* **MATERIALS PROVIDED**:
(* Consider the mixed support-set model described in the context, and let $\mathsf p,\mathsf q_1,\dots,\mathsf q_h,\mathsf r_1,\dots,\mathsf r_m$ be $1+h+m$ distinct sensors. Then (whenever the conditioning event has positive probability) $\Pr\Big(i\in\mathcal T_{\mathsf p}\ \Big|\ i\in\hat{\mathcal T}_{\mathsf p},\ i\in\bigcap_{l=1}^{h}\hat{\mathcal T}_{\mathsf q_l},\ i\in\bigcap_{l=1}^{m}\hat{\mathcal T}_{\mathsf r_l}^{\complement}\Big)$ equals, writing $\phi=\frac{T}{N-T}\epsilon$, $$\frac{(1-\epsilon)^{h+1}\epsilon^{m}\frac{J}{N}+(1-\epsilon)\phi^{h}(1-\phi)^{m}\frac{I}{N}}{(1-\epsilon)^{h+1}\epsilon^{m}\frac{J}{N}+(h+1)(1-\epsilon)\phi^{h}(1-\phi)^{m}\frac{I}{N}+m\,\epsilon\,\phi^{h+1}(1-\phi)^{m-1}\frac{I}{N}+\phi^{h+1}(1-\phi)^{m}\frac{N-J-(m+h+1)I}{N}}.$$
   Context: Let $N>T\ge1$ be integers and $\Omega=\{1,\dots,N\}$; complements are taken in $\Omega$. A finite set $\mathcal L$ of sensors is given. Mixed support-set model: there are a fixed set $\mathcal J\subseteq\Omega$ with $|\mathcal J|=J$ and, for each sensor $\mathsf p\in\mathcal L$, a fixed set $\mathcal I_{\mathsf p}\subseteq\Omega$ with $|\mathcal I_{\mathsf p}|=I$, such that $\mathcal I_{\mathsf p}\cap\mathcal J=\emptyset$ for all $\mathsf p$, $\mathcal I_{\mathsf p}\cap\mathcal I_{\mathsf q}=\emptyset$ for $\mathsf p\ne\mathsf q$, and the true support set of sensor $\mathsf p$ is $\mathcal T_{\mathsf p}=\mathcal I_{\mathsf p}\cup\mathcal J$; thus $T=I+J$. Each sensor has a random estimated support set $\hat{\mathcal T}_{\mathsf p}\subseteq\Omega$. A random index $i$ is uniformly distributed on $\Omega$ and independent of all estimates. System model: there is $\epsilon$ with $0\le\epsilon\le (N-T)/N$, common to all sensors, such that for every sensor $\mathsf p$ and every $j\in\Omega$, $\Pr(j\in\hat{\mathcal T}_{\mathsf p})=1-\epsilon$ if $j\in\mathcal T_{\mathsf p}$ and $\Pr(j\in\hat{\mathcal T}_{\mathsf p})=\frac{T}{N-T}\epsilon$ if $j\notin\mathcal T_{\mathsf p}$ (so $\Pr(i\in\hat{\mathcal T}_{\mathsf p})=T/N$, detection probability $1-\epsilon$, miss probability $\epsilon$, false-alarm probability $\frac{T}{N-T}\epsilon$). For each fixed $j\in\Omega$, the events $\{j\in\hat{\mathcal T}_{\mathsf p}\}$, $\mathsf p\in\mathcal L$, are mutually independent. Convention: $0^0=1$ and a term with coefficient $0$ is $0$. *)

theory Defs
  imports "HOL-Probability.Probability"
begin

end

theory Submission
  imports Defs "HOL-Probability.Probability"
begin

(*
  Condition on the value j of the random index.  Since the index is independent of the
  estimates, P(i = j and the membership pattern holds at i) = P(pattern holds at j) / N, and
  by the independence of the sensors at a fixed j the latter is a product of marginals.  Each
  marginal only depends on whether j lies in the common part J, in the individual part I_s of
  exactly one sensor s, or in no true support set; summing the products class by class gives
  numerator (j ranging over T_p) and denominator (j ranging over all of Omega).
*)

lemma sets_Collect_count_space_rv:
  assumes "X \<in> measurable M (count_space S)"
  shows "{\<omega>\<in>space M. P (X \<omega>)} \<in> sets M"
proof -
  have "{\<omega>\<in>space M. P (X \<omega>)} = X -` {x\<in>S. P x} \<inter> space M"
    using measurable_space[OF assms] by auto
  moreover have "X -` {x\<in>S. P x} \<inter> space M \<in> sets M"
    by (rule measurable_sets[OF assms]) auto
  ultimately show ?thesis by simp
qed

lemma (in prob_space) prob_indep_events_in_notin:
  assumes indep: "indep_events E L" and "finite L" and "A \<subseteq> L" "B \<subseteq> L" "A \<inter> B = {}"
  shows "prob {\<omega>\<in>space M. (\<forall>s\<in>A. \<omega> \<in> E s) \<and> (\<forall>s\<in>B. \<omega> \<notin> E s)}
      = (\<Prod>s\<in>A. prob (E s)) * (\<Prod>s\<in>B. 1 - prob (E s))"
proof -
  have events: "E s \<in> events" if "s \<in> L" for s using indep that by (auto simp: indep_events_def)
  have "finite B" using assms finite_subset by blast
  then show ?thesis using assms(3-5)
  proof (induction B arbitrary: A rule: finite_induct)
    case empty
    then have "finite A" using \<open>finite L\<close> finite_subset by blast
    show ?case
    proof (cases "A = {}")
      case True then show ?thesis by (simp add: prob_space)
    next
      case False
      have "E s \<subseteq> space M" if "s \<in> A" for s
        using empty.prems that by (intro sets.sets_into_space events) auto
      then have "{\<omega>\<in>space M. \<forall>s\<in>A. \<omega> \<in> E s} = (\<Inter>s\<in>A. E s)"
        using False by auto
      moreover have "prob (\<Inter>s\<in>A. E s) = (\<Prod>s\<in>A. prob (E s))"
        using indep False \<open>finite A\<close> empty.prems unfolding indep_events_def by blast
      ultimately show ?thesis by simp
    qed
  next
    case (insert b B)
    let ?X = "\<lambda>A. {\<omega>\<in>space M. (\<forall>s\<in>A. \<omega> \<in> E s) \<and> (\<forall>s\<in>B. \<omega> \<notin> E s)}"
    have "finite A" using insert.prems \<open>finite L\<close> finite_subset by blast
    then have "?X A \<in> events" using insert events \<open>finite L\<close>
      by (intro sets.sets_Collect_conj sets.sets_Collect_finite_All sets.sets_Collect_neg) auto
    moreover have "E b \<in> events" using insert.prems events by auto
    ultimately have "prob (?X A - E b) = prob (?X A) - prob (?X A \<inter> E b)"
      by (rule finite_measure_Diff')
    moreover have "?X A - E b = {\<omega>\<in>space M. (\<forall>s\<in>A. \<omega> \<in> E s) \<and> (\<forall>s\<in>insert b B. \<omega> \<notin> E s)}"
      and "?X A \<inter> E b = ?X (insert b A)" by auto
    moreover have "prob (?X A) = (\<Prod>s\<in>A. prob (E s)) * (\<Prod>s\<in>B. 1 - prob (E s))"
      using insert.prems by (intro insert.IH) auto
    moreover have "prob (?X (insert b A)) = (\<Prod>s\<in>insert b A. prob (E s)) * (\<Prod>s\<in>B. 1 - prob (E s))"
      using insert.prems insert.hyps by (intro insert.IH) auto
    moreover have "b \<notin> A" using insert.prems by auto
    ultimately show ?case using insert.hyps \<open>finite A\<close> by (simp add: algebra_simps)
  qed
qed

lemma (in prob_space) prob_Int_UN_of_indep:
  assumes "finite F" "disjoint_family_on B F" "A \<in> events" "B ` F \<subseteq> events"
    and indep: "\<And>f. f \<in> F \<Longrightarrow> prob (A \<inter> B f) = prob A * prob (B f)"
  shows "prob (A \<inter> (\<Union>f\<in>F. B f)) = prob A * prob (\<Union>f\<in>F. B f)"
proof -
  have "prob (A \<inter> (\<Union>f\<in>F. B f)) = prob (\<Union>f\<in>F. A \<inter> B f)"
    by (metis Int_UN_distrib)
  also have "\<dots> = (\<Sum>f\<in>F. prob (A \<inter> B f))"
    using assms by (intro finite_measure_finite_Union) (auto simp: disjoint_family_on_def)
  also have "\<dots> = prob A * (\<Sum>f\<in>F. prob (B f))" by (simp add: indep sum_distrib_left)
  also have "(\<Sum>f\<in>F. prob (B f)) = prob (\<Union>f\<in>F. B f)"
    using assms by (intro finite_measure_finite_Union[symmetric]) auto
  finally show ?thesis .
qed

lemma sum_over_classes:
  fixes g :: "'a \<Rightarrow> real"
  assumes fin: "finite U" and C: "C \<subseteq> U" and S: "finite S"
    and D: "\<And>s. s \<in> S \<Longrightarrow> D s \<subseteq> U" "\<And>s. s \<in> S \<Longrightarrow> D s \<inter> C = {}"
    and disj: "disjoint_family_on D S" and card_D: "\<And>s. s \<in> S \<Longrightarrow> card (D s) = k"
    and on_C: "\<And>j. j \<in> C \<Longrightarrow> g j = a"
    and on_D: "\<And>s j. s \<in> S \<Longrightarrow> j \<in> D s \<Longrightarrow> g j = b s"
    and on_rest: "\<And>j. j \<in> U - C - (\<Union>s\<in>S. D s) \<Longrightarrow> g j = c"
  shows "(\<Sum>j\<in>U. g j) = real (card C) * a + real k * (\<Sum>s\<in>S. b s)
           + (real (card U) - real (card C) - real (card S) * real k) * c"
proof -
  define DS where "DS = (\<Union>s\<in>S. D s)"
  define R where "R = U - C - DS"
  have fin_D: "finite (D s)" if "s \<in> S" for s using D(1)[OF that] fin finite_subset by blast
  have DS_sub: "DS \<subseteq> U" using D(1) by (auto simp: DS_def)
  then have fin_DS: "finite DS" using fin finite_subset by blast
  have split: "U = (C \<union> DS) \<union> R" and C_DS: "C \<inter> DS = {}" and CDS_R: "(C \<union> DS) \<inter> R = {}"
    using C DS_sub D(2) by (auto simp: R_def DS_def)
  have fin_C: "finite C" and fin_R: "finite R" using C fin finite_subset by (auto simp: R_def)
  have disj': "\<forall>s\<in>S. \<forall>t\<in>S. s \<noteq> t \<longrightarrow> D s \<inter> D t = {}"
    using disj by (auto simp: disjoint_family_on_def)
  have card_DS: "card DS = card S * k"
    unfolding DS_def by (simp add: card_UN_disjoint[OF S] fin_D disj' card_D)
  have "card U = card C + card DS + card R"
    by (subst split) (simp add: card_Un_disjoint fin_C fin_DS fin_R C_DS CDS_R)
  then have card_R: "real (card R) = real (card U) - real (card C) - real (card S) * real k"
    using card_DS by simp
  have "(\<Sum>j\<in>U. g j) = (\<Sum>j\<in>C. g j) + (\<Sum>j\<in>DS. g j) + (\<Sum>j\<in>R. g j)"
    by (subst split) (simp add: sum.union_disjoint fin_C fin_DS fin_R C_DS CDS_R)
  also have "(\<Sum>j\<in>C. g j) = real (card C) * a" using on_C by simp
  also have "(\<Sum>j\<in>DS. g j) = (\<Sum>s\<in>S. \<Sum>j\<in>D s. g j)"
    unfolding DS_def by (rule sum.UNION_disjoint[OF S]) (use fin_D disj' in auto)
  also have "\<dots> = real k * (\<Sum>s\<in>S. b s)"
    using on_D card_D by (simp add: sum_distrib_left)
  also have "(\<Sum>j\<in>R. g j) = real (card R) * c" using on_rest by (simp add: R_def DS_def)
  finally show ?thesis using card_R by simp
qed

locale sensor_estimates = prob_space M for M :: "'w measure" +
  fixes N :: nat and L :: "'s set" and That :: "'s \<Rightarrow> 'w \<Rightarrow> nat set" and idx :: "'w \<Rightarrow> nat"
  assumes finite_sensors: "finite L"
    and That_rv: "s \<in> L \<Longrightarrow> That s \<in> measurable M (count_space (Pow {1..N}))"
    and indep_estimates: "j \<in> {1..N} \<Longrightarrow> indep_events (\<lambda>s. {\<omega>\<in>space M. j \<in> That s \<omega>}) L"
    and idx_rv: "idx \<in> measurable M (count_space {1..N})"
    and idx_uniform: "j \<in> {1..N} \<Longrightarrow> prob {\<omega>\<in>space M. idx \<omega> = j} = 1 / real N"
    and idx_indep: "j \<in> {1..N} \<Longrightarrow> f \<in> PiE L (\<lambda>_. Pow {1..N}) \<Longrightarrow>
      prob {\<omega>\<in>space M. idx \<omega> = j \<and> (\<forall>s\<in>L. That s \<omega> = f s)}
        = prob {\<omega>\<in>space M. idx \<omega> = j} * prob {\<omega>\<in>space M. \<forall>s\<in>L. That s \<omega> = f s}"
begin

definition pattern_prob :: "'s set \<Rightarrow> 's set \<Rightarrow> nat \<Rightarrow> real" where
  "pattern_prob A B j = (\<Prod>s\<in>A. prob {\<omega>\<in>space M. j \<in> That s \<omega>})
     * (\<Prod>s\<in>B. 1 - prob {\<omega>\<in>space M. j \<in> That s \<omega>})"

lemma N_pos: "N > 0"
proof -
  obtain \<omega> where "\<omega> \<in> space M" using not_empty by blast
  then show ?thesis using measurable_space[OF idx_rv] by fastforce
qed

* **WHAT TO WORK ON**:
Go through the records, tally the lines holding the word "frac", and give only the tally.

* **OUTPUT**:
2